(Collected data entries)
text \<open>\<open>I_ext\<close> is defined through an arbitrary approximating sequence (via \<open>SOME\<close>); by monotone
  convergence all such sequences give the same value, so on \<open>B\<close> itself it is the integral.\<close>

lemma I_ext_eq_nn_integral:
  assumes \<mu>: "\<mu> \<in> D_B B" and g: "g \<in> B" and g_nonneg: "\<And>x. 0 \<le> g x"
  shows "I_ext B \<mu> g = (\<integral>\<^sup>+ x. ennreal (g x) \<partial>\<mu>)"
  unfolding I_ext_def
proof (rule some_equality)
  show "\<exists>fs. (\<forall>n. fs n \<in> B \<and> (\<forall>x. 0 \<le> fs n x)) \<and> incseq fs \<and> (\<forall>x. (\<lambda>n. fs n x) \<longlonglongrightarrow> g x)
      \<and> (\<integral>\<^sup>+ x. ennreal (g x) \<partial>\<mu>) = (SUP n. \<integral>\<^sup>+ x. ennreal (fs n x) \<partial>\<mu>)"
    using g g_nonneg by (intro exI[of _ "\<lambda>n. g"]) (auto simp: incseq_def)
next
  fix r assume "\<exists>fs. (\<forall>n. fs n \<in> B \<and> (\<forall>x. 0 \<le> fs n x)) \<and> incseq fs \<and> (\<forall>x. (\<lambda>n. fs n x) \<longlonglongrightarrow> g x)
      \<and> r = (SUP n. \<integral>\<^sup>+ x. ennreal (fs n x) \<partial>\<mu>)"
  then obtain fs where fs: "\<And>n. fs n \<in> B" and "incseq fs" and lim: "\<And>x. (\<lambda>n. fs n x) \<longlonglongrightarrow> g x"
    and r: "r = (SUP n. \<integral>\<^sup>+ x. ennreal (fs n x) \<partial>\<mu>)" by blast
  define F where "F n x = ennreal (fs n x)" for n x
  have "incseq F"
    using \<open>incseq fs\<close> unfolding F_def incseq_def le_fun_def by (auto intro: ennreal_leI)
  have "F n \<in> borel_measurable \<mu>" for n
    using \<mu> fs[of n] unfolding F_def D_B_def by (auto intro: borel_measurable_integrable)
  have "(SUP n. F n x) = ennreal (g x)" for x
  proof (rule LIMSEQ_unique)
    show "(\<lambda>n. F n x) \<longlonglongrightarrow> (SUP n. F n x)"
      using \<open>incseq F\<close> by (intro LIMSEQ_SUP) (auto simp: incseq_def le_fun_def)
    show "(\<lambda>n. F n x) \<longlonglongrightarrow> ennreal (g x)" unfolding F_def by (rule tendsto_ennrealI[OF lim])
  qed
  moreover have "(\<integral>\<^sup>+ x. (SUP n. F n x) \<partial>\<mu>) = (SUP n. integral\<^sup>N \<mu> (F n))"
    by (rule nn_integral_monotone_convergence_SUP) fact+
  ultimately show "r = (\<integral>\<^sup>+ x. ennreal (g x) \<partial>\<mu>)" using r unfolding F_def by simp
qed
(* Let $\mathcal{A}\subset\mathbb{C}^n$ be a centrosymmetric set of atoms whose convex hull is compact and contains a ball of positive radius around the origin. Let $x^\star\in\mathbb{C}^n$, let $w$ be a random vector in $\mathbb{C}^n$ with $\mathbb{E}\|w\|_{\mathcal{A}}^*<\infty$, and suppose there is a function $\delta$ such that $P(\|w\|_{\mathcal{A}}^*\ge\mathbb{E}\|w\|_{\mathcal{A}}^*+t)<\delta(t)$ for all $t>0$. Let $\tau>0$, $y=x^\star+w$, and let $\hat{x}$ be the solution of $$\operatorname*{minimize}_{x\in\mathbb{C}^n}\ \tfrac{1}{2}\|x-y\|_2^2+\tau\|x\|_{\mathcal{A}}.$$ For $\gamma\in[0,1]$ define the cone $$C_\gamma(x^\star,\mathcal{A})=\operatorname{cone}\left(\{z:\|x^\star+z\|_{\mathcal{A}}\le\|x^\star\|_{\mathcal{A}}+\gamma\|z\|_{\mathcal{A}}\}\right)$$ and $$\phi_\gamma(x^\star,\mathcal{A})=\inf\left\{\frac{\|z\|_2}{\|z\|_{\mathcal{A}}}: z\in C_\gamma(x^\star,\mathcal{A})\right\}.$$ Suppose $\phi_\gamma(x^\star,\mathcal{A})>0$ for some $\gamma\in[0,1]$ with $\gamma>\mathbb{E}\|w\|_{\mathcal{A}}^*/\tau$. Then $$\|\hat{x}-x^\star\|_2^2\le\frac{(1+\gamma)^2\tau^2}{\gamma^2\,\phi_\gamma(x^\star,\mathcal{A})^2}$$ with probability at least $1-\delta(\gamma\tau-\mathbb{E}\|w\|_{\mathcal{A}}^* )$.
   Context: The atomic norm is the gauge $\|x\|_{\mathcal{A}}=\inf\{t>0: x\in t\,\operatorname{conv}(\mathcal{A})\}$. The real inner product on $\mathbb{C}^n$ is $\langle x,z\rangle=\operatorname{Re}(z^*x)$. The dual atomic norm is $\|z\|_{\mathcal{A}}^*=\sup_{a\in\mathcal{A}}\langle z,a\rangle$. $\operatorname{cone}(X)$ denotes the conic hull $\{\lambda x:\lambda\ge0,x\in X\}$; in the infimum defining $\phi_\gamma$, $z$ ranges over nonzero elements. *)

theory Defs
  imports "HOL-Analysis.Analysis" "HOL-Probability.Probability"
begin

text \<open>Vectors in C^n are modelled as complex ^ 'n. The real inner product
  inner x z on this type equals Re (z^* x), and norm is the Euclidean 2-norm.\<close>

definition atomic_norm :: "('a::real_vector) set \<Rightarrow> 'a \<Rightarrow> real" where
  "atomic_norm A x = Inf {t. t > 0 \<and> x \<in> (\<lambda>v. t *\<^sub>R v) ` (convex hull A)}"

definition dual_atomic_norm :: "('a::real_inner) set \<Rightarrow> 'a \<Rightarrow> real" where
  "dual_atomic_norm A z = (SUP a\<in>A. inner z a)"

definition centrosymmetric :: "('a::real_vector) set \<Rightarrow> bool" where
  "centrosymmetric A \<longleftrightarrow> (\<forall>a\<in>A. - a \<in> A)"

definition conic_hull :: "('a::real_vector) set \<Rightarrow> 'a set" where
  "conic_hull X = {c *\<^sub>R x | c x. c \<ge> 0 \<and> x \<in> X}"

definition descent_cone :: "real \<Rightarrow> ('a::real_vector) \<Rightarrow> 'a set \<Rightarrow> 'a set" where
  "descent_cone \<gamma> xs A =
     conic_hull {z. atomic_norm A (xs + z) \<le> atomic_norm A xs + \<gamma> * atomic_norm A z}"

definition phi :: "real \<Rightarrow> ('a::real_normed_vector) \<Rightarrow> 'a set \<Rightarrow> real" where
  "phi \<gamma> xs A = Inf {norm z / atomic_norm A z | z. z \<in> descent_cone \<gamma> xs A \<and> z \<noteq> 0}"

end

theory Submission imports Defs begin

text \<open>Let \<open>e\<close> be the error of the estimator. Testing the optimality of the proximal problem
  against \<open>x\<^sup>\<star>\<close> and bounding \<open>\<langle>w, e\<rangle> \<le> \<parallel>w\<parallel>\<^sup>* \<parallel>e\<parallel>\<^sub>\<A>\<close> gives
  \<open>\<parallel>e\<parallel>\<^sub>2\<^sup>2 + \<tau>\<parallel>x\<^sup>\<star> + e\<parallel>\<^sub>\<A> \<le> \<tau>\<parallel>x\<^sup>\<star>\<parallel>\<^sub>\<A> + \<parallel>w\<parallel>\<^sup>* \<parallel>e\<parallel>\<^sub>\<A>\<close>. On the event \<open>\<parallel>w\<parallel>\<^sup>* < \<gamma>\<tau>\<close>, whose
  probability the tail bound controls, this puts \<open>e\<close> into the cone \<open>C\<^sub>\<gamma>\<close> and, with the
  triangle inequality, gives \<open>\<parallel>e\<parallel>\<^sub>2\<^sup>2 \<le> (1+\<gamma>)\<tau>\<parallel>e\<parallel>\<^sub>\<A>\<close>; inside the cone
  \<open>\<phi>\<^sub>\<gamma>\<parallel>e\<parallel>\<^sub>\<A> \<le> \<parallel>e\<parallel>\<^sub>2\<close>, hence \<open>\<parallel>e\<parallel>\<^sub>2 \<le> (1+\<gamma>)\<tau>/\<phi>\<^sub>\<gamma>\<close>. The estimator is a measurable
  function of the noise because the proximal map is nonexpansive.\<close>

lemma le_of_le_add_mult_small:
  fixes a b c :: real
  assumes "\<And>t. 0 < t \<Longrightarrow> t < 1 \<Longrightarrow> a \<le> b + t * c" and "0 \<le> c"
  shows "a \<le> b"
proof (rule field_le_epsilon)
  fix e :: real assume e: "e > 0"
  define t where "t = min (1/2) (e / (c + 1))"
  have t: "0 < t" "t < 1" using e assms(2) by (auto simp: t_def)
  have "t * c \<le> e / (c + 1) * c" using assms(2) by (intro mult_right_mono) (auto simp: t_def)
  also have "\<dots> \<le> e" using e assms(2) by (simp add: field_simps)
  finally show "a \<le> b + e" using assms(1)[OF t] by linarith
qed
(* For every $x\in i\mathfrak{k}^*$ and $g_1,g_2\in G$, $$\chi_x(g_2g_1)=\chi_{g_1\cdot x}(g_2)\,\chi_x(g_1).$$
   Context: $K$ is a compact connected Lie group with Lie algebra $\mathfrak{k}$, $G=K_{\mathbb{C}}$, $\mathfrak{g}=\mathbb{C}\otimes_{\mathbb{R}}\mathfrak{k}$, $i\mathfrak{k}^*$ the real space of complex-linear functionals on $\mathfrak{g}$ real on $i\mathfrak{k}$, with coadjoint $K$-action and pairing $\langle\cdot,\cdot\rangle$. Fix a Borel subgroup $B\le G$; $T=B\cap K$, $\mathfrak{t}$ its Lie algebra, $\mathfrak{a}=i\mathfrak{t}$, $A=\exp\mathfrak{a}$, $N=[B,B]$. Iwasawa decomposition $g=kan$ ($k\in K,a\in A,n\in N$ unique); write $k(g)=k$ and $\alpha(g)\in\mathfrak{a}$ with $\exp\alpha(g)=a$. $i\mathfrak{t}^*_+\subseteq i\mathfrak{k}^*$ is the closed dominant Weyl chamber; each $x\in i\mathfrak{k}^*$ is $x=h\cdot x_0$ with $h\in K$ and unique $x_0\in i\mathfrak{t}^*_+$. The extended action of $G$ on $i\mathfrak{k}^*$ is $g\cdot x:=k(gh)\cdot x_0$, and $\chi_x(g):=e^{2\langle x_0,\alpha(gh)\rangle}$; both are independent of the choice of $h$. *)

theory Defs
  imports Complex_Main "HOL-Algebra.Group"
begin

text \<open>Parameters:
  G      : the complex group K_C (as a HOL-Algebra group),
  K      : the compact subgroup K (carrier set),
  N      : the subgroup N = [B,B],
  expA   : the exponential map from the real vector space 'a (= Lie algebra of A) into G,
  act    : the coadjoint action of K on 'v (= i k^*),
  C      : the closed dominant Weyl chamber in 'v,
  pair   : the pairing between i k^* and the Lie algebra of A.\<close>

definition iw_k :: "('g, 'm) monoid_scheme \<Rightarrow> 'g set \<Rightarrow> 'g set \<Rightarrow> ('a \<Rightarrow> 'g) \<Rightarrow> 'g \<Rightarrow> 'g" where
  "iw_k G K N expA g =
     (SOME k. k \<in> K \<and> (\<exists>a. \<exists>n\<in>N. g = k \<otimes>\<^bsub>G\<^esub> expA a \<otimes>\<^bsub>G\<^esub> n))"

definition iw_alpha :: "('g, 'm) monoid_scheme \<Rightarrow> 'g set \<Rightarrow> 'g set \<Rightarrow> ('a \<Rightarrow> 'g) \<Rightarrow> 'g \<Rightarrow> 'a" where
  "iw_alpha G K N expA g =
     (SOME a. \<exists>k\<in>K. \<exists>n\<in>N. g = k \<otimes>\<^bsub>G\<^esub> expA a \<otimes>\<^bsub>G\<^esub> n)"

__What to produce__
Scan the records above for the string "bsub", and copy every line where it turns up.

__Task response__
     (SOME k. k \<in> K \<and> (\<exists>a. \<exists>n\<in>N. g = k \<otimes>\<^bsub>G\<^esub> expA a \<otimes>\<^bsub>G\<^esub> n))"
     (SOME a. \<exists>k\<in>K. \<exists>n\<in>N. g = k \<otimes>\<^bsub>G\<^esub> expA a \<otimes>\<^bsub>G\<^esub> n)"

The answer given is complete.